[ASSIGNMENT]
Print the listing in full, with no character changed.

[EXERCISE DATA]

lemma transfer_matrix_su11:
  assumes cont: "continuous_on UNIV V"
    and basis: "sol_basis h V lam f (\<lambda>x. cnj (f x))"
    and wr: "\<And>x. wronskian f' (\<lambda>x. cnj (f' x)) x = wronskian f (\<lambda>x. cnj (f x)) x"
    and T: "\<And>x. f' x = f x * T $ 1 $ 1 + cnj (f x) * T $ 2 $ 1
      \<and> cnj (f' x) = f x * T $ 1 $ 2 + cnj (f x) * T $ 2 $ 2"
  shows "su11 T"
proof -
  have sol: "is_sol h V lam f" "is_sol h V lam (\<lambda>x. cnj (f x))"
    and indep: "lin_indep2 f (\<lambda>x. cnj (f x))"
    using basis by (simp_all add: sol_basis_def)
  have "cnj (T $ 2 $ 1) * f x + cnj (T $ 1 $ 1) * cnj (f x) = T $ 1 $ 2 * f x + T $ 2 $ 2 * cnj (f x)"
    for x
  proof -
    have "cnj (T $ 2 $ 1) * f x + cnj (T $ 1 $ 1) * cnj (f x) = cnj (f x * T $ 1 $ 1 + cnj (f x) * T $ 2 $ 1)"
      by (simp add: algebra_simps)
    also have "\<dots> = cnj (f' x)"
      using conjunct1[OF T[of x]] by simp
    also have "\<dots> = T $ 1 $ 2 * f x + T $ 2 $ 2 * cnj (f x)"
      using conjunct2[OF T[of x]] by (simp add: mult.commute)
    finally show ?thesis .
  qed
  from lin_indep2_coeffs_eq[OF indep this]
  have conj: "T $ 1 $ 2 = cnj (T $ 2 $ 1)" "T $ 2 $ 2 = cnj (T $ 1 $ 1)" by simp_all
  obtain d where d: "\<And>x. (f has_vector_derivative d x) (at x)"
    using sol(1) unfolding is_sol_def by blast
  obtain d' where d': "\<And>x. ((\<lambda>x. cnj (f x)) has_vector_derivative d' x) (at x)"
    using sol(2) unfolding is_sol_def by blast
  have "wronskian f' (\<lambda>x. cnj (f' x)) x = det T * wronskian f (\<lambda>x. cnj (f x)) x" for x
  proof -
    have f': "f' = (\<lambda>x. T $ 1 $ 1 * f x + T $ 2 $ 1 * cnj (f x))"
      using conjunct1[OF T] by (simp add: fun_eq_iff mult.commute)
    have cnj_f': "(\<lambda>x. cnj (f' x)) = (\<lambda>x. T $ 1 $ 2 * f x + T $ 2 $ 2 * cnj (f x))"
      using conjunct2[OF T] by (simp add: fun_eq_iff mult.commute)
    show ?thesis
      unfolding cnj_f' unfolding f' wronskian_lincomb[OF d d'] det_2 by (simp add: algebra_simps)
  qed
  moreover obtain x0 where "wronskian f (\<lambda>x. cnj (f x)) x0 \<noteq> 0"
    using lin_indep2_wronskian_nonzero[OF cont sol indep] by blast
  ultimately have "det T = 1"
    using wr[of x0] by simp
  with conj show ?thesis
    by (simp add: su11_def)
qed

lemma exists_solution_with_coefficients_iff:
  fixes g :: "nat \<Rightarrow> real \<Rightarrow> complex" and T :: "nat \<Rightarrow> complex^2^2"
  assumes basis: "\<And>n. n \<le> n0 \<Longrightarrow> sol_basis h V lam (g n) (\<lambda>x. cnj (g n x))"
    and T: "\<And>n x. 1 \<le> n \<Longrightarrow> n \<le> n0 \<Longrightarrow>
          g n x = g (n - 1) x * T n $ 1 $ 1 + cnj (g (n - 1) x) * T n $ 2 $ 1 \<and>
          cnj (g n x) = g (n - 1) x * T n $ 1 $ 2 + cnj (g (n - 1) x) * T n $ 2 $ 2"
  shows "(\<exists>phi. is_sol h V lam phi \<and>
            (\<forall>n \<le> n0. \<forall>x. phi x = eta1 n * g n x + eta2 n * cnj (g n x)))
      \<longleftrightarrow> (\<forall>m\<in>{1..n0}. T m *v vector [eta1 m, eta2 m] = vector [eta1 (m - 1), eta2 (m - 1)])"
    (is "(\<exists>phi. _ \<and> (\<forall>n \<le> n0. \<forall>x. phi x = ?expansion n x)) \<longleftrightarrow> _")
proof -
  have step: "(\<forall>x. ?expansion m x = ?expansion (m - 1) x)
      \<longleftrightarrow> T m *v vector [eta1 m, eta2 m] = vector [eta1 (m - 1), eta2 (m - 1)]"
    if m: "m \<in> {1..n0}" for m
  proof -
    define v where "v = T m *v vector [eta1 m, eta2 m]"
    have expansion: "?expansion m x = v $ 1 * g (m - 1) x + v $ 2 * cnj (g (m - 1) x)" for x
      using T[of m x] m unfolding v_def by (intro basis_change_lincomb) auto
    have "m - 1 \<le> n0"
      using m by auto
    then have indep: "lin_indep2 (g (m - 1)) (\<lambda>x. cnj (g (m - 1) x))"
      using basis by (simp add: sol_basis_def)
    have "(\<forall>x. ?expansion m x = ?expansion (m - 1) x) \<longleftrightarrow> v $ 1 = eta1 (m - 1) \<and> v $ 2 = eta2 (m - 1)"
    proof
      assume "\<forall>x. ?expansion m x = ?expansion (m - 1) x"
      then show "v $ 1 = eta1 (m - 1) \<and> v $ 2 = eta2 (m - 1)"
        by (intro lin_indep2_coeffs_eq[OF indep]) (simp add: expansion)
    qed (simp add: expansion)
    then show ?thesis
      by (simp add: v_def vec_eq_iff forall_2)
  qed
  have "(\<exists>phi. is_sol h V lam phi \<and> (\<forall>n \<le> n0. \<forall>x. phi x = ?expansion n x))
      \<longleftrightarrow> (\<forall>m\<in>{1..n0}. \<forall>x. ?expansion m x = ?expansion (m - 1) x)"
  proof
    assume "\<exists>phi. is_sol h V lam phi \<and> (\<forall>n \<le> n0. \<forall>x. phi x = ?expansion n x)"
    then obtain phi where phi: "\<forall>n \<le> n0. \<forall>x. phi x = ?expansion n x"
      by blast
    show "\<forall>m\<in>{1..n0}. \<forall>x. ?expansion m x = ?expansion (m - 1) x"
    proof (intro ballI allI)
      fix m x assume "m \<in> {1..n0}"
      then have "m \<le> n0" "m - 1 \<le> n0"
        by auto
      then show "?expansion m x = ?expansion (m - 1) x"
        using phi by metis
    qed
  next
    assume consecutive: "\<forall>m\<in>{1..n0}. \<forall>x. ?expansion m x = ?expansion (m - 1) x"
    have same: "\<forall>x. ?expansion n x = ?expansion 0 x" if "n \<le> n0" for n
      using that
    proof (induction n)
      case (Suc n)
      then show ?case
        using consecutive[rule_format, of "Suc n"] by simp
    qed simp
    have "is_sol h V lam (?expansion 0)"
      using basis[of 0] by (intro is_sol_lincomb) (simp_all add: sol_basis_def)
    moreover have "\<forall>n \<le> n0. \<forall>x. ?expansion 0 x = ?expansion n x"
      using same by metis
    ultimately show "\<exists>phi. is_sol h V lam phi \<and> (\<forall>n \<le> n0. \<forall>x. phi x = ?expansion n x)"
      by blast
  qed
  also have "\<dots> \<longleftrightarrow> (\<forall>m\<in>{1..n0}. T m *v vector [eta1 m, eta2 m] = vector [eta1 (m - 1), eta2 (m - 1)])"
    using step by (rule ball_cong[OF refl])
  finally show ?thesis .
qed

[REPLY TO THE EXERCISE]
lemma transfer_matrix_su11:
  assumes cont: "continuous_on UNIV V"
    and basis: "sol_basis h V lam f (\<lambda>x. cnj (f x))"
    and wr: "\<And>x. wronskian f' (\<lambda>x. cnj (f' x)) x = wronskian f (\<lambda>x. cnj (f x)) x"
    and T: "\<And>x. f' x = f x * T $ 1 $ 1 + cnj (f x) * T $ 2 $ 1
      \<and> cnj (f' x) = f x * T $ 1 $ 2 + cnj (f x) * T $ 2 $ 2"
  shows "su11 T"
proof -
  have sol: "is_sol h V lam f" "is_sol h V lam (\<lambda>x. cnj (f x))"
    and indep: "lin_indep2 f (\<lambda>x. cnj (f x))"
    using basis by (simp_all add: sol_basis_def)
  have "cnj (T $ 2 $ 1) * f x + cnj (T $ 1 $ 1) * cnj (f x) = T $ 1 $ 2 * f x + T $ 2 $ 2 * cnj (f x)"
    for x
  proof -
    have "cnj (T $ 2 $ 1) * f x + cnj (T $ 1 $ 1) * cnj (f x) = cnj (f x * T $ 1 $ 1 + cnj (f x) * T $ 2 $ 1)"
      by (simp add: algebra_simps)
    also have "\<dots> = cnj (f' x)"
      using conjunct1[OF T[of x]] by simp
    also have "\<dots> = T $ 1 $ 2 * f x + T $ 2 $ 2 * cnj (f x)"
      using conjunct2[OF T[of x]] by (simp add: mult.commute)
    finally show ?thesis .
  qed
  from lin_indep2_coeffs_eq[OF indep this]
  have conj: "T $ 1 $ 2 = cnj (T $ 2 $ 1)" "T $ 2 $ 2 = cnj (T $ 1 $ 1)" by simp_all
  obtain d where d: "\<And>x. (f has_vector_derivative d x) (at x)"
    using sol(1) unfolding is_sol_def by blast
  obtain d' where d': "\<And>x. ((\<lambda>x. cnj (f x)) has_vector_derivative d' x) (at x)"
    using sol(2) unfolding is_sol_def by blast
  have "wronskian f' (\<lambda>x. cnj (f' x)) x = det T * wronskian f (\<lambda>x. cnj (f x)) x" for x
  proof -
    have f': "f' = (\<lambda>x. T $ 1 $ 1 * f x + T $ 2 $ 1 * cnj (f x))"
      using conjunct1[OF T] by (simp add: fun_eq_iff mult.commute)
    have cnj_f': "(\<lambda>x. cnj (f' x)) = (\<lambda>x. T $ 1 $ 2 * f x + T $ 2 $ 2 * cnj (f x))"
      using conjunct2[OF T] by (simp add: fun_eq_iff mult.commute)
    show ?thesis
      unfolding cnj_f' unfolding f' wronskian_lincomb[OF d d'] det_2 by (simp add: algebra_simps)
  qed
  moreover obtain x0 where "wronskian f (\<lambda>x. cnj (f x)) x0 \<noteq> 0"
    using lin_indep2_wronskian_nonzero[OF cont sol indep] by blast
  ultimately have "det T = 1"
    using wr[of x0] by simp
  with conj show ?thesis
    by (simp add: su11_def)
qed

lemma exists_solution_with_coefficients_iff:
  fixes g :: "nat \<Rightarrow> real \<Rightarrow> complex" and T :: "nat \<Rightarrow> complex^2^2"
  assumes basis: "\<And>n. n \<le> n0 \<Longrightarrow> sol_basis h V lam (g n) (\<lambda>x. cnj (g n x))"
    and T: "\<And>n x. 1 \<le> n \<Longrightarrow> n \<le> n0 \<Longrightarrow>
          g n x = g (n - 1) x * T n $ 1 $ 1 + cnj (g (n - 1) x) * T n $ 2 $ 1 \<and>
          cnj (g n x) = g (n - 1) x * T n $ 1 $ 2 + cnj (g (n - 1) x) * T n $ 2 $ 2"
  shows "(\<exists>phi. is_sol h V lam phi \<and>
            (\<forall>n \<le> n0. \<forall>x. phi x = eta1 n * g n x + eta2 n * cnj (g n x)))
      \<longleftrightarrow> (\<forall>m\<in>{1..n0}. T m *v vector [eta1 m, eta2 m] = vector [eta1 (m - 1), eta2 (m - 1)])"
    (is "(\<exists>phi. _ \<and> (\<forall>n \<le> n0. \<forall>x. phi x = ?expansion n x)) \<longleftrightarrow> _")
proof -
  have step: "(\<forall>x. ?expansion m x = ?expansion (m - 1) x)
      \<longleftrightarrow> T m *v vector [eta1 m, eta2 m] = vector [eta1 (m - 1), eta2 (m - 1)]"
    if m: "m \<in> {1..n0}" for m
  proof -
    define v where "v = T m *v vector [eta1 m, eta2 m]"
    have expansion: "?expansion m x = v $ 1 * g (m - 1) x + v $ 2 * cnj (g (m - 1) x)" for x
      using T[of m x] m unfolding v_def by (intro basis_change_lincomb) auto
    have "m - 1 \<le> n0"
      using m by auto
    then have indep: "lin_indep2 (g (m - 1)) (\<lambda>x. cnj (g (m - 1) x))"
      using basis by (simp add: sol_basis_def)
    have "(\<forall>x. ?expansion m x = ?expansion (m - 1) x) \<longleftrightarrow> v $ 1 = eta1 (m - 1) \<and> v $ 2 = eta2 (m - 1)"
    proof
      assume "\<forall>x. ?expansion m x = ?expansion (m - 1) x"
      then show "v $ 1 = eta1 (m - 1) \<and> v $ 2 = eta2 (m - 1)"
        by (intro lin_indep2_coeffs_eq[OF indep]) (simp add: expansion)
    qed (simp add: expansion)
    then show ?thesis
      by (simp add: v_def vec_eq_iff forall_2)
  qed
  have "(\<exists>phi. is_sol h V lam phi \<and> (\<forall>n \<le> n0. \<forall>x. phi x = ?expansion n x))
      \<longleftrightarrow> (\<forall>m\<in>{1..n0}. \<forall>x. ?expansion m x = ?expansion (m - 1) x)"
  proof
    assume "\<exists>phi. is_sol h V lam phi \<and> (\<forall>n \<le> n0. \<forall>x. phi x = ?expansion n x)"
    then obtain phi where phi: "\<forall>n \<le> n0. \<forall>x. phi x = ?expansion n x"
      by blast
    show "\<forall>m\<in>{1..n0}. \<forall>x. ?expansion m x = ?expansion (m - 1) x"
    proof (intro ballI allI)
      fix m x assume "m \<in> {1..n0}"
      then have "m \<le> n0" "m - 1 \<le> n0"
        by auto
      then show "?expansion m x = ?expansion (m - 1) x"
        using phi by metis
    qed
  next
    assume consecutive: "\<forall>m\<in>{1..n0}. \<forall>x. ?expansion m x = ?expansion (m - 1) x"
    have same: "\<forall>x. ?expansion n x = ?expansion 0 x" if "n \<le> n0" for n
      using that
    proof (induction n)
      case (Suc n)
      then show ?case
        using consecutive[rule_format, of "Suc n"] by simp
    qed simp
    have "is_sol h V lam (?expansion 0)"
      using basis[of 0] by (intro is_sol_lincomb) (simp_all add: sol_basis_def)
    moreover have "\<forall>n \<le> n0. \<forall>x. ?expansion 0 x = ?expansion n x"
      using same by metis
    ultimately show "\<exists>phi. is_sol h V lam phi \<and> (\<forall>n \<le> n0. \<forall>x. phi x = ?expansion n x)"
      by blast
  qed
  also have "\<dots> \<longleftrightarrow> (\<forall>m\<in>{1..n0}. T m *v vector [eta1 m, eta2 m] = vector [eta1 (m - 1), eta2 (m - 1)])"
    using step by (rule ball_cong[OF refl])
  finally show ?thesis .
qed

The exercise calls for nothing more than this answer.